» **Task directions**: Reproduce verbatim the line where "Context: All trees" occurs, along with all following lines down to the last line of the data.

─── Task material ───

(* A graph $3$-partition $\mathscr{G}=(G_{<},G_{=},G_{>},\sigma)$ with vertex set $L$ can be explained by a relaxed scenario if and only if, for every subset $L'\subseteq L$, the restriction $\mathscr{G}_{|L'}=(G_{<}[L'],G_{=}[L'],G_{>}[L'],\sigma_{|L'})$ can be explained by a relaxed scenario.
   Context: All trees are planted phylogenetic trees: a tree $T$ has a distinguished vertex $0_T$ of degree $1$ whose unique neighbor $\rho_T$ is the root, and every vertex other than $0_T$ and the leaves $L(T)$ has at least two children. For $x,y\in V(T)$ write $y\preceq_T x$ if $x$ lies on the path from $0_T$ to $y$; edges are written $uv$ with $v\prec_T u$. $\mathrm{lca}_T$ denotes the last common ancestor. A time map for $T$ is $\tau_T\colon V(T)\to\mathbb{R}$ with $\tau_T(x)<\tau_T(y)$ whenever $x\prec_T y$. A relaxed scenario $\mathscr{S}=(T,S,\sigma,\mu,\tau_T,\tau_S)$ consists of a gene tree $T$ with time map $\tau_T$, a species tree $S$ with time map $\tau_S$, a map $\sigma\colon L(T)\to M$ with $M\subseteq L(S)$, and a map $\mu\colon V(T)\to V(S)\cup E(S)$ such that (S0) $\mu(x)=0_S$ iff $x=0_T$; (S1) $\mu(x)\in L(S)$ iff $x\in L(T)$, in which case $\mu(x)=\sigma(x)$; (S2) if $\mu(x)\in V(S)$ then $\tau_S(\mu(x))=\tau_T(x)$; (S3) if $\mu(x)=uv\in E(S)$ then $\tau_S(v)<\tau_T(x)<\tau_S(u)$. The graphs $G_{=}(\mathscr{S})$, $G_{<}(\mathscr{S})$, $G_{>}(\mathscr{S})$ have vertex set $L(T)$, and for distinct $x,y$ the pair $xy$ is an edge of $G_{=}(\mathscr{S})$, $G_{<}(\mathscr{S})$, resp. $G_{>}(\mathscr{S})$ iff $\tau_T(\mathrm{lca}_T(x,y))$ is $=$, $<$, resp. $>$ than $\tau_S(\mathrm{lca}_S(\sigma(x),\sigma(y)))$. A graph $3$-partition $\mathscr{G}=(G_{<},G_{=},G_{>},\sigma)$ is an ordered tuple of three edge-disjoint graphs on a common vertex set $L$ with coloring $\sigma\colon L\to M$ such that every unordered pair of distinct elements of $L$ is an edge of exactly one of them; it is explained by $\mathscr{S}$ (with the same $\sigma$) if $G_{<}=G_{<}(\mathscr{S})$, $G_{=}=G_{=}(\mathscr{S})$, $G_{>}=G_{>}(\mathscr{S})$. $G[L']$ denotes the induced subgraph. *)

theory Defs
  imports Main "HOL.Real"
begin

───

» **Your solution**:
   Context: All trees are planted phylogenetic trees: a tree $T$ has a distinguished vertex $0_T$ of degree $1$ whose unique neighbor $\rho_T$ is the root, and every vertex other than $0_T$ and the leaves $L(T)$ has at least two children. For $x,y\in V(T)$ write $y\preceq_T x$ if $x$ lies on the path from $0_T$ to $y$; edges are written $uv$ with $v\prec_T u$. $\mathrm{lca}_T$ denotes the last common ancestor. A time map for $T$ is $\tau_T\colon V(T)\to\mathbb{R}$ with $\tau_T(x)<\tau_T(y)$ whenever $x\prec_T y$. A relaxed scenario $\mathscr{S}=(T,S,\sigma,\mu,\tau_T,\tau_S)$ consists of a gene tree $T$ with time map $\tau_T$, a species tree $S$ with time map $\tau_S$, a map $\sigma\colon L(T)\to M$ with $M\subseteq L(S)$, and a map $\mu\colon V(T)\to V(S)\cup E(S)$ such that (S0) $\mu(x)=0_S$ iff $x=0_T$; (S1) $\mu(x)\in L(S)$ iff $x\in L(T)$, in which case $\mu(x)=\sigma(x)$; (S2) if $\mu(x)\in V(S)$ then $\tau_S(\mu(x))=\tau_T(x)$; (S3) if $\mu(x)=uv\in E(S)$ then $\tau_S(v)<\tau_T(x)<\tau_S(u)$. The graphs $G_{=}(\mathscr{S})$, $G_{<}(\mathscr{S})$, $G_{>}(\mathscr{S})$ have vertex set $L(T)$, and for distinct $x,y$ the pair $xy$ is an edge of $G_{=}(\mathscr{S})$, $G_{<}(\mathscr{S})$, resp. $G_{>}(\mathscr{S})$ iff $\tau_T(\mathrm{lca}_T(x,y))$ is $=$, $<$, resp. $>$ than $\tau_S(\mathrm{lca}_S(\sigma(x),\sigma(y)))$. A graph $3$-partition $\mathscr{G}=(G_{<},G_{=},G_{>},\sigma)$ is an ordered tuple of three edge-disjoint graphs on a common vertex set $L$ with coloring $\sigma\colon L\to M$ such that every unordered pair of distinct elements of $L$ is an edge of exactly one of them; it is explained by $\mathscr{S}$ (with the same $\sigma$) if $G_{<}=G_{<}(\mathscr{S})$, $G_{=}=G_{=}(\mathscr{S})$, $G_{>}=G_{>}(\mathscr{S})$. $G[L']$ denotes the induced subgraph. *)

theory Defs
  imports Main "HOL.Real"
begin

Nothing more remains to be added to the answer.